Both pure polymer dielectrics (ultrahigh breakdown strength) and pure ferroelectric ceramic dielectrics (ultrahigh dielectric constant) have been extensively studied for use in modern capacitors. Nevertheless, pure polymer dielectrics and pure ferroelectric ceramic dielectrics are limited by low dielectric constants and low breakdown strengths, respectively. In most cases, the tradeoff between a high dielectric constant and high breakdown strength (low electrical conductivity) is rational. A high dielectric constant usually leads to a longer carrier relaxation time, eventually resulting in higher carrier mobility and higher electrical conductivity.4 This situation has been addressed by utilizing the compositing strategy (physical blend in most cases) to prepare promising composite dielectrics characterized by an optimized high dielectric constant and breakdown strength.5 Although polymer/conductor composites with high dielectric constants (owing to the electric percolation of conductive particles) have been studied,6 a large leakage current may be induced by percolation. This results in a rather high dielectric loss and extremely low breakdown strength in the composites.7 However, polymer/ferroelectric ceramic composites with a high dielectric response (owing to the ultrahigh dielectric constant of ferroelectric ceramics) have been studied as well.8 Similarly, a high leakage current can be induced by interfacial charges arising from interface polarization, leading to sharply reduced breakdown strengths in composites compared with those of polymer matrices.

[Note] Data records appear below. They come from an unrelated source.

lemma sweep_append_pieces:
  fixes Ps Qs :: "'a :: field mat list"
  assumes pieces: "\<And>B. B \<in> set (Ps @ Qs) \<Longrightarrow> B \<in> carrier_mat n n"
    and L: "L \<in> carrier_mat n n" "sums_to n Ps L" and U: "U \<in> carrier_mat n n" "sums_to n Qs U"
    and a: "a \<in> carrier_vec n" and b: "b \<in> carrier_vec n"
    and C: "\<And>q. q < length (Ps @ Qs) \<Longrightarrow>
      C q = (if q < length Ps then Ps ! q *\<^sub>v a else Qs ! (q - length Ps) *\<^sub>v b)"
  shows "sweep n (length (Ps @ Qs)) \<mu> C (length Ps) = L *\<^sub>v a + \<mu> \<cdot>\<^sub>v (U *\<^sub>v b)"
    and "sweep n (length (Ps @ Qs)) \<mu> C (length (Ps @ Qs)) = L *\<^sub>v a + U *\<^sub>v b"
proof -
  let ?m = "length Ps" and ?d = "length (Ps @ Qs)"
  have P: "Ps ! q \<in> carrier_mat n n" if "q < length Ps" for q
    using pieces that by simp
  have Q: "Qs ! q \<in> carrier_mat n n" if "q < length Qs" for q
    using pieces that by simp
  have SL: "(\<Sum>q<?m. C q $ i) = (L *\<^sub>v a) $ i" if i: "i < n" for i
  proof -
    have "(\<Sum>q<?m. C q $ i) = (\<Sum>q<?m. (Ps ! q *\<^sub>v a) $ i)"
      using C by (intro sum.cong) auto
    then show ?thesis
      using index_mult_mat_vec_sums_to[OF L P a i] by simp
  qed
  have SU: "(\<Sum>q\<in>{?m..<?d}. C q $ i) = (U *\<^sub>v b) $ i" if i: "i < n" for i
  proof -
    have "(\<Sum>q\<in>{?m..<?d}. C q $ i) = (\<Sum>q\<in>{0 + ?m..<length Qs + ?m}. C q $ i)"
      by (simp add: add.commute)
    also have "\<dots> = (\<Sum>q<length Qs. C (q + ?m) $ i)"
      by (simp only: sum.shift_bounds_nat_ivl atLeast0LessThan)
    also have "\<dots> = (\<Sum>q<length Qs. (Qs ! q *\<^sub>v b) $ i)"
      using C by (intro sum.cong) auto
    finally show ?thesis
      using index_mult_mat_vec_sums_to[OF U Q b i] by simp
  qed
  show "sweep n ?d \<mu> C ?m = L *\<^sub>v a + \<mu> \<cdot>\<^sub>v (U *\<^sub>v b)"
    by (rule eq_vecI) (use SL SU L U a b in \<open>simp_all add: sweep_def\<close>)
  have "(\<Sum>q<?d. C q $ i) = (\<Sum>q<?m. C q $ i) + (\<Sum>q\<in>{?m..<?d}. C q $ i)" for i
    using sum.atLeastLessThan_concat[of 0 ?m ?d "\<lambda>q. C q $ i"] by (simp add: atLeast0LessThan)
  then show "sweep n ?d \<mu> C ?d = L *\<^sub>v a + U *\<^sub>v b"
    by (intro eq_vecI) (use SL SU L U a b in \<open>simp_all add: sweep_def\<close>)
qed

lemma mult_sweep_append:
  fixes Ps Qs :: "'a :: field mat list"
  assumes pieces: "\<And>B. B \<in> set (Ps @ Qs) \<Longrightarrow> B \<in> carrier_mat n n"
    and ann: "annihilates_later n Ps" "annihilates_later n Qs"
    and z: "\<And>r. r < length (Ps @ Qs) \<Longrightarrow> z r \<in> carrier_vec n"
    and C: "\<And>r. r < length (Ps @ Qs) \<Longrightarrow> C r = (Ps @ Qs) ! r *\<^sub>v z r"
    and q: "q < length (Ps @ Qs)"
  shows "(Ps @ Qs) ! q *\<^sub>v sweep n (length (Ps @ Qs)) \<mu> C q
    = (Ps @ Qs) ! q *\<^sub>v sweep n (length (Ps @ Qs)) \<mu> C (if q < length Ps then length Ps else length (Ps @ Qs))"
proof -
  have Bs: "\<And>r. r < length (Ps @ Qs) \<Longrightarrow> (Ps @ Qs) ! r \<in> carrier_mat n n"
    using pieces nth_mem by blast
  show ?thesis
    by (rule mult_sweep_eq[OF Bs z C]) (use Bs q ann in \<open>auto simp: nth_append annihilates_later_def\<close>)
qed

lemma block_eigenvector_imp_sgs_eigenpair:
  fixes Ps Qs :: "'a :: field mat list"
  assumes pieces: "\<And>B. B \<in> set (Ps @ Qs) \<Longrightarrow> B \<in> carrier_mat n n"
    and L: "L \<in> carrier_mat n n" "sums_to n Ps L" and U: "U \<in> carrier_mat n n" "sums_to n Qs U"
    and ann: "annihilates_later n Ps" "annihilates_later n Qs"
    and Pl: "Pl \<in> carrier_mat n n" "Pl * (1\<^sub>m n - L) = 1\<^sub>m n"
    and Y: "block_eigenvector n (Ps @ Qs) lam Y"
  shows "\<exists>a b. sgs_eigenpair n L U lam a b"
proof -
  define Bs where "Bs = Ps @ Qs"
  define m where "m = length Ps"
  define d where "d = length Bs"
  define C where "C q = Bs ! q *\<^sub>v Y q" for q
  define a where "a = sweep n d (inverse lam) C m"
  define b where "b = sweep n d (inverse lam) C d"
  have Y_sweep: "Y q = sweep n d (inverse lam) C q" if "q < d" for q
    using Y that unfolding block_eigenvector_def C_def Bs_def d_def by auto
  have C_pieces: "C q = (if q < m then Ps ! q *\<^sub>v a else Qs ! (q - m) *\<^sub>v b)" if q: "q < d" for q
  proof -
    have "C q = Bs ! q *\<^sub>v sweep n d (inverse lam) C q"
      using Y_sweep[OF q] unfolding C_def by simp
    also have "\<dots> = Bs ! q *\<^sub>v sweep n d (inverse lam) C (if q < m then m else d)"
      unfolding Bs_def m_def d_def
      by (rule mult_sweep_append[where z = Y]) (use pieces ann Y_sweep q in \<open>auto simp: C_def Bs_def d_def\<close>)
    finally show ?thesis
      using q unfolding a_def b_def by (cases "q < m") (simp_all add: Bs_def m_def nth_append)
  qed
  have ab: "a \<in> carrier_vec n" "b \<in> carrier_vec n"
    unfolding a_def b_def by simp_all
  note sweeps = sweep_append_pieces[OF pieces L U ab, of C "inverse lam"]
  have eqs: "a = L *\<^sub>v a + inverse lam \<cdot>\<^sub>v (U *\<^sub>v b)" "b = L *\<^sub>v a + U *\<^sub>v b"
    using sweeps C_pieces unfolding a_def b_def m_def d_def Bs_def by auto
  have "b \<noteq> 0\<^sub>v n"
  proof
    assume b0: "b = 0\<^sub>v n"
    then have "inverse lam \<cdot>\<^sub>v (U *\<^sub>v b) = 0\<^sub>v n"
      using U(1) by (intro eq_vecI) (simp_all add: mult_mat_vec_zero_vec)
    then have La: "(1\<^sub>m n - L) *\<^sub>v a = 0\<^sub>v n"
      using eqs(1) one_minus_mult_vec_eq_iff[OF L(1) ab(1), of "0\<^sub>v n"] by simp
    have "a = Pl *\<^sub>v ((1\<^sub>m n - L) *\<^sub>v a)"
      using left_inverse_mult_mat_vec[OF Pl(1) minus_carrier_mat[OF L(1)] Pl(2) ab(1)] by simp
    then have a0: "a = 0\<^sub>v n"
      using La mult_mat_vec_zero_vec[OF Pl(1)] by simp
    have "C q = 0\<^sub>v n" if "q < d" for q
      using C_pieces[OF that] a0 b0 pieces that
      by (auto simp: mult_mat_vec_zero_vec m_def d_def Bs_def)
    then have "Y p = 0\<^sub>v n" if "p < d" for p
      using that unfolding Y_sweep[OF that] by (intro eq_vecI) (auto simp: sweep_def)
    then show False
      using Y unfolding block_eigenvector_def Bs_def d_def by auto
  qed
  then show ?thesis
    using ab eqs unfolding sgs_eigenpair_def by blast
qed

lemma sgs_eigenpair_imp_block_eigenvector:
  fixes Ps Qs :: "'a :: field mat list"
  assumes pieces: "\<And>B. B \<in> set (Ps @ Qs) \<Longrightarrow> B \<in> carrier_mat n n"
    and L: "L \<in> carrier_mat n n" "sums_to n Ps L" and U: "U \<in> carrier_mat n n" "sums_to n Qs U"
    and ann: "annihilates_later n Ps" "annihilates_later n Qs"
    and lam: "lam \<noteq> 0" and ab: "sgs_eigenpair n L U lam a b"
  shows "\<exists>Y. block_eigenvector n (Ps @ Qs) lam Y"
proof -
  define Bs where "Bs = Ps @ Qs"
  define m where "m = length Ps"
  define d where "d = length Bs"
  define z where "z q = (if q < m then a else b)" for q
  define C where "C q = Bs ! q *\<^sub>v z q" for q
  define Y where "Y p = sweep n d (inverse lam) C p" for p
  have a: "a \<in> carrier_vec n" and b: "b \<in> carrier_vec n" "b \<noteq> 0\<^sub>v n"
    using ab unfolding sgs_eigenpair_def by auto
  have C_pieces: "C q = (if q < m then Ps ! q *\<^sub>v a else Qs ! (q - m) *\<^sub>v b)" if "q < d" for q
    using that unfolding C_def z_def by (simp add: Bs_def m_def nth_append)
  note sweeps = sweep_append_pieces[OF pieces L U a b(1), of C "inverse lam"]
  have Y_m: "Y m = a" and Y_d: "Y d = b"
    using sweeps C_pieces ab unfolding Y_def sgs_eigenpair_def m_def d_def Bs_def by auto
  have BY: "Bs ! q *\<^sub>v Y q = C q" if q: "q < d" for q
  proof -
    have "Bs ! q *\<^sub>v Y q = Bs ! q *\<^sub>v Y (if q < m then m else d)"
      unfolding Y_def Bs_def m_def d_def
      by (rule mult_sweep_append[where z = z]) (use pieces ann a b q in \<open>auto simp: C_def z_def Bs_def d_def\<close>)
    then show ?thesis
      using Y_m Y_d by (cases "q < m") (simp_all add: C_def z_def)
  qed
  obtain i where i: "i < n" "b $ i \<noteq> 0"
    using b by (auto simp: vec_eq_iff)
  have "Y 0 = inverse lam \<cdot>\<^sub>v b"
    using sweep_0[of n d "inverse lam" C] Y_d unfolding Y_def by simp
  then have Y0: "Y 0 $ i \<noteq> 0"
    using i b(1) lam by simp
  have "d \<noteq> 0"
  proof
    assume "d = 0"
    with Y0 i show False
      unfolding Y_def sweep_def by simp
  qed
  moreover have "Y 0 \<noteq> 0\<^sub>v n"
    using Y0 i by auto
  moreover have "Y p = sweep n d (inverse lam) (\<lambda>q. Bs ! q *\<^sub>v Y q) p" if "p < d" for p
  proof -
    have "Y p = sweep n d (inverse lam) C p"
      by (simp add: Y_def)
    also have "\<dots> = sweep n d (inverse lam) (\<lambda>q. Bs ! q *\<^sub>v Y q) p"
      using BY that by (intro sweep_cong) auto
    finally show ?thesis .
  qed
  ultimately have "block_eigenvector n Bs lam Y"
    unfolding block_eigenvector_def d_def by auto
  then show ?thesis
    unfolding Bs_def by blast
qed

Several strategies have been adopted to fabricate optimal composites that reduce the leakage current in the two aforementioned composite systems.9 They include the organic modification of the particle surface, insulating-shell construction of the particle surface, multilayered structure of the entire composite, and direct introduction of highly insulating ceramic fillers. First, organic modification of the particle surface improves the interface adhesion between the two components, but it usually involves the time-consuming pretreatment of the particle surface for carrying functional groups as follow-up reaction sites.10 Second, the insulating-shell construction of the particle surface, which depresses the charge injection from the filler particle into the polymer but allows controllable growth for a thickness-homogenized insulating shell (ceramic shell in most cases), is rather difficult.11 Then, the multilayered structure of the whole composite can depress electrical-tree growth throughout the thickness of the entire composite, but precise control of the thicknesses of all sublayers is difficult in large-scale fabrication.12 Finally, the direct introduction of a highly insulating ceramic filler as the third component is the most favorable strategy for the large-scale fabrication of composites owing to its simplicity and convenience).13 In this technique, similar to conductive/ferroelectric fillers, highly insulating fillers can be evenly scattered in the polymer matrix, leading to reduced low leakage current in ternary composites.14
Giant-permittivity ceramic fillers, such as copper calcium titanate (CCTO), can possess a higher dielectric constant than ferroelectric ceramics. Nowadays, CCTO is widely used as a filler for polymer-based composites owing to its ultrahigh dielectric constant.15 In addition, CCTO exhibits a rather low inherent dielectric loss. However, the high leakage current from the polymer/CCTO interphase causes high dielectric loss and low breakdown strength in polymer/CCTO composites because the large difference between the dielectric constants of the polymer and CCTO triggers severe interface polarization.16 In this study, ternary polymer-based composite films containing both CCTO and boron nitride (BN) fillers were designed and fabricated by directly introducing a highly insulating ceramic filler and solution casting. The measurements indicated that the ternary polymer/CCTO/BN composites exhibited overall superior electrical properties (slightly reduced dielectric constant, significantly reduced dielectric loss, decreased conductivity, and remarkably improved breakdown strength) compared with binary polymer/CCTO composites. The contributions of CCTO and BN with two-dimensional topological aesthetics to the high dielectric constant of ternary composites and high breakdown strength, respectively, are discussed in detail. Good synergy between the two fillers was confirmed. At 100 Hz, the optimal ternary composite film containing 40 wt.% CCTO and 3 wt.% BN showed a high dielectric constant of approximately 68 and low dielectric loss of approximately 0.19. It also exhibited high breakdown strength of approximately 175 MV m−1 under a direct-current (DC) field. This study may boost the large-scale fabrication of high-performance composite dielectrics with two-dimensional topologically aesthetic fillers for capacitor applications.
Experimental
Materials
The CCTO powder (CaCu3Ti4O12, 99.0%, analytically pure) was obtained from Zhengzhou Wanchuang Chemical Products Co., Ltd. (Zhengzhou, China). Analytically pure BN powder (99.8%) was obtained from Nutpool Materials (Suzhou, China). Poly(vinylidene fluoride-hexafluoropropylene) (P(VDF-HFP)) powder (99.5%, analytically pure, approximately 100 kDa, bearing 10 mol.% hexafluoropropylene units) for the polymer matrix was purchased from Dongguan Zhanyang Polymer Materials Co., Ltd. (Dongguan, China). N,N-Dimethylformamide (DMF) solvent (99.5%, analytically pure) was obtained from Zibo Nature International Trading Co., Ltd. (Zibo, China). All materials were used as received.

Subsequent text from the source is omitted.